Les commerçants sont surchargés en cette période de fêtes.

Du côté des commerçants, c’est avec le sourire et une dernière pointe de stress qu’on aborde cette dernière semaine de l’année. Comme partout ailleurs, c’est le rush. " On est sur le pont depuis le début du mois de décembre. Mais vous savez, on a pris l’habitude de voir que le rush le plus important est toujours celui réalisé… à la dernière minute. Le jour de Noël ou le 31 décembre, les gens s’y prennent tardivement. Ils postposent leurs achats et se retrouvent la veille au soir, sans savoir ce qu’ils vont faire à manger ou boire. C’est une tendance qui se répète d’année en année", relate la responsable d’un grand magasin de distribution situé à Athus.
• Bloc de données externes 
lemma gaussian_kernel_pos_def:
  fixes x :: "'n::finite \<Rightarrow> real^'d" and a :: "real^'n" and c :: real
  assumes "c > 0" and "inj x" and "a \<noteq> 0"
  shows "0 < (\<Sum>i\<in>UNIV. \<Sum>j\<in>UNIV. a$i * a$j * exp (- (norm (x i - x j))\<^sup>2 / c))"
proof -
  \<comment> \<open>Factor out exp (-|x_i|^2/c) and expand exp (2 x_i.x_j/c) into its power series.\<close>
  define b where "b i = a$i * exp (- (norm (x i))\<^sup>2 / c)" for i
  define T where "T k = (\<Sum>i\<in>UNIV. \<Sum>j\<in>UNIV. b i * b j * (x i \<bullet> x j) ^ k)" for k
  have factor: "a$i * a$j * exp (- (norm (x i - x j))\<^sup>2 / c) = b i * b j * exp (2 / c * (x i \<bullet> x j))"
    for i j
  proof -
    have "- (norm (x i - x j))\<^sup>2 / c
        = - (norm (x i))\<^sup>2 / c + - (norm (x j))\<^sup>2 / c + 2 / c * (x i \<bullet> x j)"
      using \<open>c > 0\<close> by (simp add: power2_norm_eq_inner inner_diff inner_commute field_simps)
    then show ?thesis by (simp add: b_def exp_add[symmetric] mult_ac)
  qed
  have series: "(\<lambda>k. (2 / c) ^ k / fact k * T k) sums
      (\<Sum>i\<in>UNIV. \<Sum>j\<in>UNIV. a$i * a$j * exp (- (norm (x i - x j))\<^sup>2 / c))"
  proof -
    have "(\<lambda>k. \<Sum>i\<in>UNIV. \<Sum>j\<in>UNIV. b i * b j * ((2 / c * (x i \<bullet> x j)) ^ k /\<^sub>R fact k))
       sums (\<Sum>i\<in>UNIV. \<Sum>j\<in>UNIV. b i * b j * exp (2 / c * (x i \<bullet> x j)))"
      by (intro sums_sum sums_mult exp_converges)
    moreover have "(\<Sum>i\<in>UNIV. \<Sum>j\<in>UNIV. b i * b j * ((2 / c * (x i \<bullet> x j)) ^ k /\<^sub>R fact k))
        = (2 / c) ^ k / fact k * T k" for k
      by (simp add: T_def sum_distrib_left power_mult_distrib divide_inverse mult_ac)
    ultimately show ?thesis unfolding factor by simp
  qed
  from \<open>a \<noteq> 0\<close> obtain i0 where "a$i0 \<noteq> 0" by (auto simp: vec_eq_iff)
  then have "b i0 \<noteq> 0" by (simp add: b_def)
  then obtain k where "0 < T k"
    unfolding T_def using exists_sum_sum_inner_power_pos[OF assms(2)] by blast
  have "0 < suminf (\<lambda>k. (2 / c) ^ k / fact k * T k)"
  proof (subst suminf_pos_iff)
    show "summable (\<lambda>k. (2 / c) ^ k / fact k * T k)" using series by (rule sums_summable)
    show "0 \<le> (2 / c) ^ n / fact n * T n" for n
      using sum_sum_inner_power_nonneg[of b x n] \<open>c > 0\<close> by (simp add: T_def)
    show "\<exists>n. 0 < (2 / c) ^ n / fact n * T n"
      using \<open>0 < T k\<close> \<open>c > 0\<close> by (intro exI[of _ k]) simp
  qed
  then show ?thesis using sums_unique[OF series] by simp
qed

lemma gaussian_kernel_nonneg:
  fixes x :: "'n::finite \<Rightarrow> real^'d" and a :: "real^'n" and c :: real
  assumes "c > 0" and "inj x"
  shows "0 \<le> (\<Sum>i\<in>UNIV. \<Sum>j\<in>UNIV. a$i * a$j * exp (- (norm (x i - x j))\<^sup>2 / c))"
  using gaussian_kernel_pos_def[OF assms, of a] by (cases "a = 0") auto

section \<open>The Matern function as a Gaussian scale mixture\<close>

lemma Gamma_integral_real_greaterThan:
  assumes "nu > (0::real)"
  shows "((\<lambda>t. t powr (nu - 1) * exp (- t)) has_integral Gamma nu) {0<..}"
proof -
  have "((\<lambda>t. if t \<in> {0<..} then t powr (nu - 1) / exp t else 0) has_integral Gamma nu) {0..}"
    by (rule has_integral_spike[of "{0}", rotated 2, OF Gamma_integral_real[OF assms]]) auto
  then have "((\<lambda>t. t powr (nu - 1) / exp t) has_integral Gamma nu) {0<..}"
    by (subst (asm) has_integral_restrict) auto
  then show ?thesis by (simp add: exp_minus divide_inverse)
qed

lemma Gamma_integral_rate:
  fixes nu b :: real
  assumes "nu > 0" and "b > 0"
  shows "((\<lambda>t. t powr (nu - 1) * exp (- b * t)) has_integral Gamma nu / b powr nu) {0<..}"
proof -
  define f where "f t = t powr (nu - 1) * exp (- b * t)" for t
  have Gamma:
    "((\<lambda>s. b powr (- nu) * (s powr (nu - 1) * exp (- s))) has_integral Gamma nu / b powr nu) {0<..}"
    using has_integral_mult_right[OF Gamma_integral_real_greaterThan[OF assms(1)], of "b powr (- nu)"]
    by (simp add: powr_minus divide_inverse mult_ac)
  have stretch: "\<bar>1 / b\<bar> * f (s / b) = b powr (- nu) * (s powr (nu - 1) * exp (- s))" if "s > 0" for s
    using that assms by (simp add: f_def powr_divide powr_diff powr_minus field_simps)
  have "(\<lambda>s. \<bar>1 / b\<bar> * f (s / b)) absolutely_integrable_on {0<..}
      \<and> integral {0<..} (\<lambda>s. \<bar>1 / b\<bar> * f (s / b)) = Gamma nu / b powr nu"
  proof
    have "(\<lambda>s. b powr (- nu) * (s powr (nu - 1) * exp (- s))) absolutely_integrable_on {0<..}"
      using Gamma by (intro nonnegative_absolutely_integrable_1 has_integral_integrable) auto
    then show "(\<lambda>s. \<bar>1 / b\<bar> * f (s / b)) absolutely_integrable_on {0<..}"
      by (rule absolutely_integrable_spike[OF _ negligible_empty]) (use stretch in auto)
    have "integral {0<..} (\<lambda>s. \<bar>1 / b\<bar> * f (s / b))
        = integral {0<..} (\<lambda>s. b powr (- nu) * (s powr (nu - 1) * exp (- s)))"
      by (rule integral_cong) (use stretch in auto)
    then show "integral {0<..} (\<lambda>s. \<bar>1 / b\<bar> * f (s / b)) = Gamma nu / b powr nu"
      using integral_unique[OF Gamma] by simp
  qed
  then have "f absolutely_integrable_on (\<lambda>s. s / b) ` {0<..}
      \<and> integral ((\<lambda>s. s / b) ` {0<..}) f = Gamma nu / b powr nu"
    by (rule has_absolute_integral_change_of_variables_1'
        [where g = "\<lambda>s. s / b" and g' = "\<lambda>_. 1 / b", THEN iffD1, rotated 3])
      (use assms in \<open>auto intro!: derivative_eq_intros simp: inj_on_def\<close>)
  moreover have "(\<lambda>s. s / b) ` {0<..} = {0<..}"
    using image_linear_greaterThan[of "1 / b" 0 0] assms by simp
  ultimately show ?thesis
    unfolding f_def[abs_def] by (auto simp: absolutely_integrable_on_def has_integral_iff)
qed

lemma integral_exp_cosh_eq_besselK:
  fixes nu x :: real
  assumes "(\<lambda>u. exp (nu * u) * exp (- x * cosh u)) absolutely_integrable_on UNIV"
  shows "integral UNIV (\<lambda>u. exp (nu * u) * exp (- x * cosh u)) = 2 * besselK nu x"
proof -
  define f where "f u = exp (nu * u) * exp (- x * cosh u)" for u
  have f: "f absolutely_integrable_on UNIV"
    using assms by (simp add: f_def[abs_def])
  have neg: "f absolutely_integrable_on {..0}" and pos: "f absolutely_integrable_on {0..}"
    by (rule set_integrable_subset[OF f]; simp)+
  have reflect: "(\<lambda>u. f (- u)) integrable_on {0..} \<and> integral {0..} (\<lambda>u. f (- u)) = integral {..0} f"
  proof -
    have "(\<lambda>u. \<bar>-1\<bar> * f (- u)) absolutely_integrable_on {0..}
        \<and> integral {0..} (\<lambda>u. \<bar>-1\<bar> * f (- u)) = integral (uminus ` {0..}) f"
      by (rule has_absolute_integral_change_of_variables_1'[where g' = "\<lambda>_. -1", THEN iffD2])
        (use neg in \<open>auto intro!: derivative_eq_intros\<close>)
    then show ?thesis by (simp add: absolutely_integrable_on_def)
  qed
  have "integral UNIV f = integral ({..0} \<union> {0..}) f"
    by (rule arg_cong[where f = "\<lambda>S. integral S f"]) auto
  also have "\<dots> = integral {..0} f + integral {0..} f"
  proof (rule integral_Un)
    show "negligible ({..0} \<inter> {0::real..})"
      by (rule negligible_subset[of "{0}"]) auto
  qed (use neg pos in \<open>auto simp: absolutely_integrable_on_def\<close>)
  also have "integral {..0} f = integral {0..} (\<lambda>u. f (- u))"
    using reflect by simp
  also have "\<dots> + integral {0..} f = integral {0..} (\<lambda>u. f (- u) + f u)"
    using reflect pos by (intro integral_add[symmetric]) (auto simp: absolutely_integrable_on_def)
  also have "\<dots> = integral {0..} (\<lambda>u. 2 * (exp (- x * cosh u) * cosh (nu * u)))"
    by (rule integral_cong) (simp add: f_def cosh_def field_simps)
  also have "\<dots> = 2 * besselK nu x"
    by (simp only: integral_mult_right besselK_def)
  finally show ?thesis by (simp only: f_def)
qed

lemma gaussian_mixture_absolutely_integrable:
  fixes nu rho r :: real
  assumes "nu > 0" and "rho > 0"
  shows "(\<lambda>t. t powr (nu - 1) * exp (- t / rho\<^sup>2) * exp (- r\<^sup>2 / (4 * t))) absolutely_integrable_on {0<..}"
proof (rule measurable_bounded_by_integrable_imp_absolutely_integrable)
  show "(\<lambda>t. t powr (nu - 1) * exp (- t / rho\<^sup>2)) integrable_on {0<..}"
    using has_integral_integrable[OF Gamma_integral_rate[of nu "1 / rho\<^sup>2"]] assms by simp
  have "continuous_on {0<..} (\<lambda>t. t powr (nu - 1) * exp (- t / rho\<^sup>2) * exp (- r\<^sup>2 / (4 * t)))"
    using assms by (auto intro!: continuous_intros)
  then show "(\<lambda>t. t powr (nu - 1) * exp (- t / rho\<^sup>2) * exp (- r\<^sup>2 / (4 * t)))
      \<in> borel_measurable (lebesgue_on {0<..})"
    by (rule continuous_imp_measurable_on_sets_lebesgue) simp
  show "norm (t powr (nu - 1) * exp (- t / rho\<^sup>2) * exp (- r\<^sup>2 / (4 * t)))
      \<le> t powr (nu - 1) * exp (- t / rho\<^sup>2)"
    if "t \<in> {0<..}" for t
    using that by (simp add: abs_mult mult_left_le)
qed simp

lemma integral_gaussian_mixture_eq_besselK:
  fixes nu rho r :: real
  assumes "nu > 0" and "rho > 0" and "r > 0"
  shows "integral {0<..} (\<lambda>t. t powr (nu - 1) * exp (- t / rho\<^sup>2) * exp (- r\<^sup>2 / (4 * t)))
    = 2 * (r * rho / 2) powr nu * besselK nu (r / rho)"
proof -
  define F where "F t = t powr (nu - 1) * exp (- t / rho\<^sup>2) * exp (- r\<^sup>2 / (4 * t))" for t
  define c where "c = r * rho / 2"
  define f where "f u = exp (nu * u) * exp (- (r / rho) * cosh u)" for u
  have "c > 0" using assms by (simp add: c_def)
  \<comment> \<open>The substitution t = c e^u turns t/rho^2 + r^2/(4t) into (r/rho) cosh u.\<close>
  have subst: "\<bar>1 / t\<bar> * f (ln (t / c)) = c powr (- nu) * F t" if "t > 0" for t
  proof -
    have "exp (nu * ln (t / c)) = (t / c) powr nu"
      using that \<open>c > 0\<close> by (simp add: powr_def)
    moreover have "r / rho * cosh (ln (t / c)) = t / rho\<^sup>2 + r\<^sup>2 / (4 * t)"
      using that \<open>c > 0\<close> assms
      by (simp add: cosh_def exp_minus c_def field_simps power2_eq_square)
    ultimately have "\<bar>1 / t\<bar> * f (ln (t / c)) = (t / c) powr nu / t * exp (- (t / rho\<^sup>2 + r\<^sup>2 / (4 * t)))"
      using that unfolding f_def by (simp flip: mult_minus_left)
    also have "(t / c) powr nu / t = c powr (- nu) * t powr (nu - 1)"
      using that \<open>c > 0\<close> by (simp add: powr_divide powr_diff powr_minus divide_simps)
    finally show ?thesis by (simp add: F_def exp_add[symmetric] mult_ac)
  qed
  have "f absolutely_integrable_on (\<lambda>t. ln (t / c)) ` {0<..}
      \<and> integral ((\<lambda>t. ln (t / c)) ` {0<..}) f = c powr (- nu) * integral {0<..} F"
  proof (rule has_absolute_integral_change_of_variables_1'[where g' = "\<lambda>t. 1 / t", THEN iffD1])
    have A: "(\<lambda>t. c powr (- nu) * F t) absolutely_integrable_on {0<..}"
      using gaussian_mixture_absolutely_integrable[OF assms(1,2), of r]
      by (simp add: F_def[abs_def] absolutely_integrable_on_def integrable_on_mult_right)
    show "(\<lambda>t. \<bar>1 / t\<bar> * f (ln (t / c))) absolutely_integrable_on {0<..}
        \<and> integral {0<..} (\<lambda>t. \<bar>1 / t\<bar> * f (ln (t / c))) = c powr (- nu) * integral {0<..} F"
    proof
      show "(\<lambda>t. \<bar>1 / t\<bar> * f (ln (t / c))) absolutely_integrable_on {0<..}"
        by (rule absolutely_integrable_spike[OF A negligible_empty]) (use subst in auto)
      have "integral {0<..} (\<lambda>t. \<bar>1 / t\<bar> * f (ln (t / c))) = integral {0<..} (\<lambda>t. c powr (- nu) * F t)"
        by (rule integral_cong) (use subst in auto)
      then show "integral {0<..} (\<lambda>t. \<bar>1 / t\<bar> * f (ln (t / c))) = c powr (- nu) * integral {0<..} F"
        by (simp only: integral_mult_right)
    qed
    show "((\<lambda>t. ln (t / c)) has_field_derivative 1 / t) (at t within {0<..})" if "t \<in> {0<..}" for t
      using that \<open>c > 0\<close> by (auto intro!: derivative_eq_intros simp: field_simps)
    show "inj_on (\<lambda>t. ln (t / c)) {0<..}"
      using \<open>c > 0\<close> by (auto simp: inj_on_def)
  qed simp
  moreover have "(\<lambda>t. ln (t / c)) ` {0<..} = UNIV"
  proof -
    have "u = ln (c * exp u / c)" "c * exp u \<in> {0<..}" for u
      using \<open>c > 0\<close> by simp_all
    then show ?thesis by blast
  qed
  ultimately have "c powr (- nu) * integral {0<..} F = 2 * besselK nu (r / rho)"
    using integral_exp_cosh_eq_besselK[of nu "r / rho"] unfolding f_def[abs_def] by simp
  then have "integral {0<..} F = c powr nu * (2 * besselK nu (r / rho))"
    using \<open>c > 0\<close> by (simp add: powr_minus field_simps)
  then show ?thesis by (simp add: F_def[abs_def] c_def mult_ac)
qed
Il y a aussi des habitudes qui ne changent guère. On pense ici au coiffeur, pour qui ce rendez-vous est incontournable avant la fête prévue en soirée. "De mon côté, les clients se comptent à la pelle et je dois refuser du monde. C’est clair que Noël/Nouvel An est une des semaines les plus chargées de l’année dans notre secteur."

Et cela, jusqu’au dernier jour de l’année. "Le 31 est peut-être un peu plus stressant car on doit se lever très tôt et on sait qu’on finira très tard. Dans mon agenda, j’ai noté un dernier rendez-vous le 31 à 21 h 15 chez un client", explique Maria, cette coiffeuse à domicile qui a la particularité de travailler en Belgique et au Luxembourg.

Comme pour les courses en grandes surfaces, cette coiffeuse nous apprend que les tarifs varient également de quelques euros en fonction du pays. Ce n’est pas une surprise quand on connaît le pouvoir d’achat de nos voisins. "À moi aussi d’en profiter, sans abuser", confie-t-elle.